### [Data provided]
--- START ---

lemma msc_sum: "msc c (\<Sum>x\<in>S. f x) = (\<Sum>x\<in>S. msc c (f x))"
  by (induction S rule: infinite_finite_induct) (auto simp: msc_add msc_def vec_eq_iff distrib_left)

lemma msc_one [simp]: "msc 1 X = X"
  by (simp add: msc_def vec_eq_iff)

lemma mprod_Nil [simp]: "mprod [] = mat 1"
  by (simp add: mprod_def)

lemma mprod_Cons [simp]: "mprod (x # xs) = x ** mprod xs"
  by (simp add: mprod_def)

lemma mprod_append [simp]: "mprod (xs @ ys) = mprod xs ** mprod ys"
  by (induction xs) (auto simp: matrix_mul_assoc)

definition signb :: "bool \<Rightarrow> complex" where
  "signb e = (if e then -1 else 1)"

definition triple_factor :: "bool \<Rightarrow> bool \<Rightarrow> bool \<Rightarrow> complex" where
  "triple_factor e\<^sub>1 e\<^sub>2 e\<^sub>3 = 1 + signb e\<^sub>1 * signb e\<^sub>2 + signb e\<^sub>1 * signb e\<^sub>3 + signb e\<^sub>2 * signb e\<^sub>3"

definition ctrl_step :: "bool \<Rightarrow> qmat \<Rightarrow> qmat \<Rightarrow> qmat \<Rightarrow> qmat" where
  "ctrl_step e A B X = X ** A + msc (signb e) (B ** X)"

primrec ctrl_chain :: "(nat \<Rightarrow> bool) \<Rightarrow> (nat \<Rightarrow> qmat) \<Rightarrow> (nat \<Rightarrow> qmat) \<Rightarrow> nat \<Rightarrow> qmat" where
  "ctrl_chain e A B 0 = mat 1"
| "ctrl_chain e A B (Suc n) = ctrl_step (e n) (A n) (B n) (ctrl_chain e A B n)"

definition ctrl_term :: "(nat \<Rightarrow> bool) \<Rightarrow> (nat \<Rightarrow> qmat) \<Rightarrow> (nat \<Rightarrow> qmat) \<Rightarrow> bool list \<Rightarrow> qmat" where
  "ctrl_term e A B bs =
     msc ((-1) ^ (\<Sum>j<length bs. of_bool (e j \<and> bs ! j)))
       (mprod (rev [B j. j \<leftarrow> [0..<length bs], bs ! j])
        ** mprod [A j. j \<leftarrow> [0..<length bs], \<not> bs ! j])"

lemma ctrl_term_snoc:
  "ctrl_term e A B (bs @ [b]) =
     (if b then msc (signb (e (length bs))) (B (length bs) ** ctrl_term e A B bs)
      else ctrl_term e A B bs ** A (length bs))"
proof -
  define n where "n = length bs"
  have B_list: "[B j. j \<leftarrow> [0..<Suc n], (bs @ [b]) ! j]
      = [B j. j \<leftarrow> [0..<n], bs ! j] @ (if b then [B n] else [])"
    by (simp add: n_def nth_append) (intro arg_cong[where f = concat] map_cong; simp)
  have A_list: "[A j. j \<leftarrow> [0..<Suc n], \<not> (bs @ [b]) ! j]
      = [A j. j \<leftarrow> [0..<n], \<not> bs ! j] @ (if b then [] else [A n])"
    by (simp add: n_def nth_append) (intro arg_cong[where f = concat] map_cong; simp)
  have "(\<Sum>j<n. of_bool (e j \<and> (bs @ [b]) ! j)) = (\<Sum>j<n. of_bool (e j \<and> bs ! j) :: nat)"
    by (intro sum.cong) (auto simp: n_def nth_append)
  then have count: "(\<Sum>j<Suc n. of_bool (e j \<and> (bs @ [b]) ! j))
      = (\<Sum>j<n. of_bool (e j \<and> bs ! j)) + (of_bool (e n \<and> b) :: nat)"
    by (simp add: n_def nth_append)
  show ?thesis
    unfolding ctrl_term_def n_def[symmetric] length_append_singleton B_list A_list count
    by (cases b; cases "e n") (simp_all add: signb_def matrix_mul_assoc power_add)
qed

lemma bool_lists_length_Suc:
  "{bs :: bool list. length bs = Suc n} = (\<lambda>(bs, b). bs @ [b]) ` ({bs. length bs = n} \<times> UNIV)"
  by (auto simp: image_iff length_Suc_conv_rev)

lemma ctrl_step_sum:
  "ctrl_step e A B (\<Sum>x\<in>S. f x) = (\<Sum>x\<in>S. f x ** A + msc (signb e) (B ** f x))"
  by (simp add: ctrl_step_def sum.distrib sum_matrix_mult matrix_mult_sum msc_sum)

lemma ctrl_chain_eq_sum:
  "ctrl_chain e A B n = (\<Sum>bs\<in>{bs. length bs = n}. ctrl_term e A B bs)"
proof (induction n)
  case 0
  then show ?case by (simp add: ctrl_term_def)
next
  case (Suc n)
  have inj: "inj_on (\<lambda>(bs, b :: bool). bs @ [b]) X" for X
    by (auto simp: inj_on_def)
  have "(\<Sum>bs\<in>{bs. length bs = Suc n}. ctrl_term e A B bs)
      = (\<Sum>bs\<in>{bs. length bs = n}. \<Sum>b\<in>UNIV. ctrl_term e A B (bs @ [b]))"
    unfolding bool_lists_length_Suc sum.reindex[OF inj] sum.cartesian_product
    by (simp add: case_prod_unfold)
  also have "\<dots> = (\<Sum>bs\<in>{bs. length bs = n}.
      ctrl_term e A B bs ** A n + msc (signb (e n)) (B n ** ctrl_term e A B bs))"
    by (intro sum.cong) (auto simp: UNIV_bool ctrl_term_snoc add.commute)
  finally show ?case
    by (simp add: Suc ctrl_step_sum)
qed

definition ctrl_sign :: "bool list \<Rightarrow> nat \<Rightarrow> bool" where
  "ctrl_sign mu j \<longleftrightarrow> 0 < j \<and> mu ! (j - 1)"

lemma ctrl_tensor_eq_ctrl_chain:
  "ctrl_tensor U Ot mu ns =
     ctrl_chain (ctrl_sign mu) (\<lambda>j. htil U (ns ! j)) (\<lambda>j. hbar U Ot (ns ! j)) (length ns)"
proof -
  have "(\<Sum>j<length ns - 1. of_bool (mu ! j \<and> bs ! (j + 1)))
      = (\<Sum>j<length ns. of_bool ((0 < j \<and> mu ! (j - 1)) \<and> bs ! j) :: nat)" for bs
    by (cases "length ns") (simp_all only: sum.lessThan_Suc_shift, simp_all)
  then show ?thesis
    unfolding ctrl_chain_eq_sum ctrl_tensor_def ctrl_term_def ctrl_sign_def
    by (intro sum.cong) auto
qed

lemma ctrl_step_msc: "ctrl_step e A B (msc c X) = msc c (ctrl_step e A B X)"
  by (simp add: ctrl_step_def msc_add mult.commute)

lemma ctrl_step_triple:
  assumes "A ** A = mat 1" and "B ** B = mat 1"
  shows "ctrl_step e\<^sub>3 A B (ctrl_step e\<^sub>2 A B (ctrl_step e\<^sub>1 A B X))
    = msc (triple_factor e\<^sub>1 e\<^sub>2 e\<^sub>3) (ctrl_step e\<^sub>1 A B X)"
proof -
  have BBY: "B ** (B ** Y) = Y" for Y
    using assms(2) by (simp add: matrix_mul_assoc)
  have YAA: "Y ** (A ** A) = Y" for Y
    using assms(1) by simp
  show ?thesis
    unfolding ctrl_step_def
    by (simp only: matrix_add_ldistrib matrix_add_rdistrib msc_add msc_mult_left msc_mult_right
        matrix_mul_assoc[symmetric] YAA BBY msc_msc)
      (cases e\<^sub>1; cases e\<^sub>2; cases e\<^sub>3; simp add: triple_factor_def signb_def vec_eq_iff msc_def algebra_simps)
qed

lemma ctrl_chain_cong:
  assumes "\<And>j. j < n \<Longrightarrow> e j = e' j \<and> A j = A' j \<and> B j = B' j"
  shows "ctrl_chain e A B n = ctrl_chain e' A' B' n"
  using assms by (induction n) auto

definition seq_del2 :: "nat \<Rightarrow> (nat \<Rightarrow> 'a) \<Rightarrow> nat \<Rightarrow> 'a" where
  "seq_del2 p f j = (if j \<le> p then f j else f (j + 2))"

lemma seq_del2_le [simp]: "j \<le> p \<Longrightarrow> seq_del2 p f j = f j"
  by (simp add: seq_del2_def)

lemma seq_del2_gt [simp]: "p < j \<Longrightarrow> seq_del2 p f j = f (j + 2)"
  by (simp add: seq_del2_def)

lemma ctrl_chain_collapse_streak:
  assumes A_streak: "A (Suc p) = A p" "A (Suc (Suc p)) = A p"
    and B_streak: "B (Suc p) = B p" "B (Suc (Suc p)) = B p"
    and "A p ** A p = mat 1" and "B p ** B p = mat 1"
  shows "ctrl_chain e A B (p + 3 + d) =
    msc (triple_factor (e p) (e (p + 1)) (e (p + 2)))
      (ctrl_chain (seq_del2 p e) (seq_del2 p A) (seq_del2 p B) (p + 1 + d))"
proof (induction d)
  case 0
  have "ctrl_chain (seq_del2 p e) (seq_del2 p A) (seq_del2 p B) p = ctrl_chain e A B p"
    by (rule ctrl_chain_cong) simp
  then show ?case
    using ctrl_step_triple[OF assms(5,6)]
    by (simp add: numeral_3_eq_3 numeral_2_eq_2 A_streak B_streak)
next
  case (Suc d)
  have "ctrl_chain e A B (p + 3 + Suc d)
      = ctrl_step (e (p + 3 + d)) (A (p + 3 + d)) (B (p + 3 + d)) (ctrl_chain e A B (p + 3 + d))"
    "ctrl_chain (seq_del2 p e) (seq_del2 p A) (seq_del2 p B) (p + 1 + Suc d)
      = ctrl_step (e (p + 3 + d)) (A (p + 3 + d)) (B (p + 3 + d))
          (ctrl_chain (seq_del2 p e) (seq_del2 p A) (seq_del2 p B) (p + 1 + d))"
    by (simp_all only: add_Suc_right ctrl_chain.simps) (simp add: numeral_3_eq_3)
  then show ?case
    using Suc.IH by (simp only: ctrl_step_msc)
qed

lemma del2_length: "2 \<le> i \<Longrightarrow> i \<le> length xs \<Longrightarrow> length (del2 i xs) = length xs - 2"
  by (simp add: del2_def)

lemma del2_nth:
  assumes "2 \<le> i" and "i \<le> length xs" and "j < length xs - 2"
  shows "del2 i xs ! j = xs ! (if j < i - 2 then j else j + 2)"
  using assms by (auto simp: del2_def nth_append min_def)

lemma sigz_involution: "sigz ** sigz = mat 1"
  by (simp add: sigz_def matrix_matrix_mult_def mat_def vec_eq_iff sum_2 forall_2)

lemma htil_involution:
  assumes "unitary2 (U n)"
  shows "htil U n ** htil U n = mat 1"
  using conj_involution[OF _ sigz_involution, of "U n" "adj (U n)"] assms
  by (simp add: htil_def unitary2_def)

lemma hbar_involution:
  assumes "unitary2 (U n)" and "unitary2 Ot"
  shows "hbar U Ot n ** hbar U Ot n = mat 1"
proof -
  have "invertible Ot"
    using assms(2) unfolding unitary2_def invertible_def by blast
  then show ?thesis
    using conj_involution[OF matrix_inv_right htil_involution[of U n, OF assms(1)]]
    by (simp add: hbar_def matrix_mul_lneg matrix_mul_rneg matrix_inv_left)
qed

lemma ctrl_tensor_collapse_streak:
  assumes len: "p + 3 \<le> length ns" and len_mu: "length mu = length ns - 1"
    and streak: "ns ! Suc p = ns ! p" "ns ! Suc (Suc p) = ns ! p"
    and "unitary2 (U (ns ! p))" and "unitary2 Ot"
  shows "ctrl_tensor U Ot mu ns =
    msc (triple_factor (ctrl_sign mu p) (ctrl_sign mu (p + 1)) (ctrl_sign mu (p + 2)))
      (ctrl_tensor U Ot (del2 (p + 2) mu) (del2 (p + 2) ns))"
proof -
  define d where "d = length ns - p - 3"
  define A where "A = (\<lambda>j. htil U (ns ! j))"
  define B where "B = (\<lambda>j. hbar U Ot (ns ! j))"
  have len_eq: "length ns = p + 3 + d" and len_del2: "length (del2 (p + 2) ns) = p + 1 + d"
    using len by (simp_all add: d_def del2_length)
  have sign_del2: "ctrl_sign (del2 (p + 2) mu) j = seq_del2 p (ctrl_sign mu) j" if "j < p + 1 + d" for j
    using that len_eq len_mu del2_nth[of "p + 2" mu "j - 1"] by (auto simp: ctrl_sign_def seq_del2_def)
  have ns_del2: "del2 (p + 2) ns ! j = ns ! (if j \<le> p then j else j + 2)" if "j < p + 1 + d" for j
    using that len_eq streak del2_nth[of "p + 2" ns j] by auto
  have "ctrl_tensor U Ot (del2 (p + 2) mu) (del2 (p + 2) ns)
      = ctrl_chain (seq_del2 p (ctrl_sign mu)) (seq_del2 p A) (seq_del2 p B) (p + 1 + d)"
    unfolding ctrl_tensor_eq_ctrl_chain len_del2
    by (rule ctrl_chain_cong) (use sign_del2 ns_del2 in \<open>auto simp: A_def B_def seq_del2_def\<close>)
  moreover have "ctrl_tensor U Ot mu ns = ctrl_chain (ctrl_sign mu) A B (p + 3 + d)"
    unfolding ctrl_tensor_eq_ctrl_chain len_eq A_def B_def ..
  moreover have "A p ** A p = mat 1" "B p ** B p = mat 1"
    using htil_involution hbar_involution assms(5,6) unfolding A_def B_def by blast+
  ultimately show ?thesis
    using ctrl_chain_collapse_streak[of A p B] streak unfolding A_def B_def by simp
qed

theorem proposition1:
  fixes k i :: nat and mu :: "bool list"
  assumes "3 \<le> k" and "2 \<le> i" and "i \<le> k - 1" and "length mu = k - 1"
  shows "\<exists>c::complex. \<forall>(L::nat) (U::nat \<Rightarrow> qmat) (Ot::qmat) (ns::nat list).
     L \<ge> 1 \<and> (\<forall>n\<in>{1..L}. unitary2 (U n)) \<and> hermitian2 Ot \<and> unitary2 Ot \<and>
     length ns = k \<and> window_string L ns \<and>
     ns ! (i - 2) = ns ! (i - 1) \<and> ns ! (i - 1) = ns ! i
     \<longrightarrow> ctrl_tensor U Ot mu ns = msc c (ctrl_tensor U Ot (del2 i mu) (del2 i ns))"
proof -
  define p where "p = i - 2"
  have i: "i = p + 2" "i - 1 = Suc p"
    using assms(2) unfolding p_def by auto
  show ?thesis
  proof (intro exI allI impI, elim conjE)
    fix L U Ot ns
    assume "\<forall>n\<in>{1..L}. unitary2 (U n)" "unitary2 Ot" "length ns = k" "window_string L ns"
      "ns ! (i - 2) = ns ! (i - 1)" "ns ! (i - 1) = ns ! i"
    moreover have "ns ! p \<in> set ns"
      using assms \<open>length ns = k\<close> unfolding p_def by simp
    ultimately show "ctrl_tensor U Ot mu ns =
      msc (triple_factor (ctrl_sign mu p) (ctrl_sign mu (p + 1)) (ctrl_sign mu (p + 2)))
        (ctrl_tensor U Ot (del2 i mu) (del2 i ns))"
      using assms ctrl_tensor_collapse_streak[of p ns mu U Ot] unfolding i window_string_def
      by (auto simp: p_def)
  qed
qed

--- END ---

### [What the exercise asks]
Take each line above that holds the string "count" and copy it.

### [Output for this task]
  then have count: "(\<Sum>j<Suc n. of_bool (e j \<and> (bs @ [b]) ! j))
    unfolding ctrl_term_def n_def[symmetric] length_append_singleton B_list A_list count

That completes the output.